→ WHAT IS EXPECTED: Locate the string "list" throughout the material and copy every line in which it occurs.

→ THE DATA:
· · · · · · ·
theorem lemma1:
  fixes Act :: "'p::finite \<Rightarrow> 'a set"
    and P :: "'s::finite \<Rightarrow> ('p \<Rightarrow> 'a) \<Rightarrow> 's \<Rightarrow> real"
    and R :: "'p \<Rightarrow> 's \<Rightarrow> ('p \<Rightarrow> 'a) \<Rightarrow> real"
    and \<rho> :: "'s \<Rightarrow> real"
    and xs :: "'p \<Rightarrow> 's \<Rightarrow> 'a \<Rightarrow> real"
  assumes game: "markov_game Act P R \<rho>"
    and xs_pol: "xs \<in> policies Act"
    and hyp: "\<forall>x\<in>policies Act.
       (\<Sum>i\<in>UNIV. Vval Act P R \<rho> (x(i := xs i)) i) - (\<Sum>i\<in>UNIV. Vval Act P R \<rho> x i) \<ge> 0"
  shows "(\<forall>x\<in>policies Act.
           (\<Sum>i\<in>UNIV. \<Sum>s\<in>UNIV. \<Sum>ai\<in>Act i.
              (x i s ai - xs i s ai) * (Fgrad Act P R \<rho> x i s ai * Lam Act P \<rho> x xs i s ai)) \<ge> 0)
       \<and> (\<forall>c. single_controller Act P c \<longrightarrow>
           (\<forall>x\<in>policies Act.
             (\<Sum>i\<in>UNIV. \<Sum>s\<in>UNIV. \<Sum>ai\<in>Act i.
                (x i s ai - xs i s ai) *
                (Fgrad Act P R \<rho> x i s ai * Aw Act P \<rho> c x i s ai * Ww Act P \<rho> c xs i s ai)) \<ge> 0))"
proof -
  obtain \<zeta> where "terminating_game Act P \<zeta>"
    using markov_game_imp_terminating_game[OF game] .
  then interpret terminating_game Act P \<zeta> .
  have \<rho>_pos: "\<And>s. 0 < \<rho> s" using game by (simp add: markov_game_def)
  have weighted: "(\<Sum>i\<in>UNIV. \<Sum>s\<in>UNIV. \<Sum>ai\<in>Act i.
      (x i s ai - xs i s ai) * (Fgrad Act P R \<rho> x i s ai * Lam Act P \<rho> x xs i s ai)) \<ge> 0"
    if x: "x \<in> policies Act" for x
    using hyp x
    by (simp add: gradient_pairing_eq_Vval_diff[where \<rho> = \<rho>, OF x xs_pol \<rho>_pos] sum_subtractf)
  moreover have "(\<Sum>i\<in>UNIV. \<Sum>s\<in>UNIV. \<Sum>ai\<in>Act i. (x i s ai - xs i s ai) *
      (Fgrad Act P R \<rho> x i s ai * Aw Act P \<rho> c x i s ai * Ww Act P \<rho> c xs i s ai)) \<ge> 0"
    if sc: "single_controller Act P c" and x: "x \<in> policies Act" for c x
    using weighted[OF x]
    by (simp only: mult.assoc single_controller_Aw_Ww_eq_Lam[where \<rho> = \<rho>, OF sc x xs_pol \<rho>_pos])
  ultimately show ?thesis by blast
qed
· · · · · · ·
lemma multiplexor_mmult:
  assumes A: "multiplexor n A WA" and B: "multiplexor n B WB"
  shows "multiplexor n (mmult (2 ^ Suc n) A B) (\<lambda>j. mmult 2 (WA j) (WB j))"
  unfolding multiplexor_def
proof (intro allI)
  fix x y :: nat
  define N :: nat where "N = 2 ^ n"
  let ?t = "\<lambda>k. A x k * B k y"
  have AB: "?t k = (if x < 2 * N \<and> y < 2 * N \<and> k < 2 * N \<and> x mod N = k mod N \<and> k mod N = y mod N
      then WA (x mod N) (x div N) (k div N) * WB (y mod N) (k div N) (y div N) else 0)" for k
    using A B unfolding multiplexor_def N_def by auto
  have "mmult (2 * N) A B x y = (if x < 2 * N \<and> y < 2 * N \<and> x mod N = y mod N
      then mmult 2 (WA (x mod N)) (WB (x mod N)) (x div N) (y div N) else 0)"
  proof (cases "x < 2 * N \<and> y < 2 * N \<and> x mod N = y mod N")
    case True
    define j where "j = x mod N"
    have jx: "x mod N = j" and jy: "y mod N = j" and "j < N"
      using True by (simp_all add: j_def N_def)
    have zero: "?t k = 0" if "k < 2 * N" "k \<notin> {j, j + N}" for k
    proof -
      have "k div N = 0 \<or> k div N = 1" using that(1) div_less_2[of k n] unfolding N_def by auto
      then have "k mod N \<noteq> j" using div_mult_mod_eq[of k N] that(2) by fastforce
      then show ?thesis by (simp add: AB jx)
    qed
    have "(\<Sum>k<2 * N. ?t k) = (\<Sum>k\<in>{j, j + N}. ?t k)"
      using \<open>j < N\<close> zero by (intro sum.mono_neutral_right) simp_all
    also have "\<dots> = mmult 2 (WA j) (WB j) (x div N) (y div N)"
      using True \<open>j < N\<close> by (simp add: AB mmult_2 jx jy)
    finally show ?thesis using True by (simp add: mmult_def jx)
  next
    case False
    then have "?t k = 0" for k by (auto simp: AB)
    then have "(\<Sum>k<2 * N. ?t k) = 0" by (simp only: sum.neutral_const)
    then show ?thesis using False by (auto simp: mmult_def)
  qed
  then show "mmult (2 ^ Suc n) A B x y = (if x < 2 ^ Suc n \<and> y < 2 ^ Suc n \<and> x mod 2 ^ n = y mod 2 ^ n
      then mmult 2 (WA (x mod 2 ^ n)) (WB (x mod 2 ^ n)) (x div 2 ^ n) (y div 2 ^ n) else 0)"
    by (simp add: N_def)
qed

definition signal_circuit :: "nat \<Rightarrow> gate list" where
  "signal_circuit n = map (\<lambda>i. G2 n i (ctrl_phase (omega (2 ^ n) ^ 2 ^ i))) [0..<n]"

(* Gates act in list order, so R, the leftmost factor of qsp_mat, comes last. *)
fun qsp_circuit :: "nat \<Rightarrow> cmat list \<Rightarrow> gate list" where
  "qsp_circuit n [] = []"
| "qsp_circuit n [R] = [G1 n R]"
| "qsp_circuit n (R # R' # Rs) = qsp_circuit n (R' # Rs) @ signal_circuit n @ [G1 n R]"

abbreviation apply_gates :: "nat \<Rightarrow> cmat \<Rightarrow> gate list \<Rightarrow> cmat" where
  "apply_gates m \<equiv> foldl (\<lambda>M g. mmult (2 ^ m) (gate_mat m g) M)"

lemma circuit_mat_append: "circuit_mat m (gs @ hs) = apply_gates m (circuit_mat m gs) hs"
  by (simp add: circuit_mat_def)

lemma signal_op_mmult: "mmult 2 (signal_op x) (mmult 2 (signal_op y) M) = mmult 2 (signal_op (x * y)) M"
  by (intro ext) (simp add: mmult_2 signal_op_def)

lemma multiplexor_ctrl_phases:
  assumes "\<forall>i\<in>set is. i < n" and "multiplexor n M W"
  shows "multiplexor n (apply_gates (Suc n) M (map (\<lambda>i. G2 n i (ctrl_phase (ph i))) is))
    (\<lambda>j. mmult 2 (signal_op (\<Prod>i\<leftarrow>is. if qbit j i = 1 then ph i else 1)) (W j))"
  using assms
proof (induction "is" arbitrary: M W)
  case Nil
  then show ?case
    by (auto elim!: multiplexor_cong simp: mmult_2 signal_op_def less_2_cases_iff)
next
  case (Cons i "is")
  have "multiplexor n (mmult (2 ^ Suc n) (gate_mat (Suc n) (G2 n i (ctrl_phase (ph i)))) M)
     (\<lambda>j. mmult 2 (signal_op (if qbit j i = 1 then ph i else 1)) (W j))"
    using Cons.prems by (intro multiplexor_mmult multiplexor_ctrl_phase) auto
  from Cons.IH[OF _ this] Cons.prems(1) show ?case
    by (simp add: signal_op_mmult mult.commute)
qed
· · · · · · ·
→ FINAL ANSWER:
definition signal_circuit :: "nat \<Rightarrow> gate list" where
(* Gates act in list order, so R, the leftmost factor of qsp_mat, comes last. *)
fun qsp_circuit :: "nat \<Rightarrow> cmat list \<Rightarrow> gate list" where
abbreviation apply_gates :: "nat \<Rightarrow> cmat \<Rightarrow> gate list \<Rightarrow> cmat" where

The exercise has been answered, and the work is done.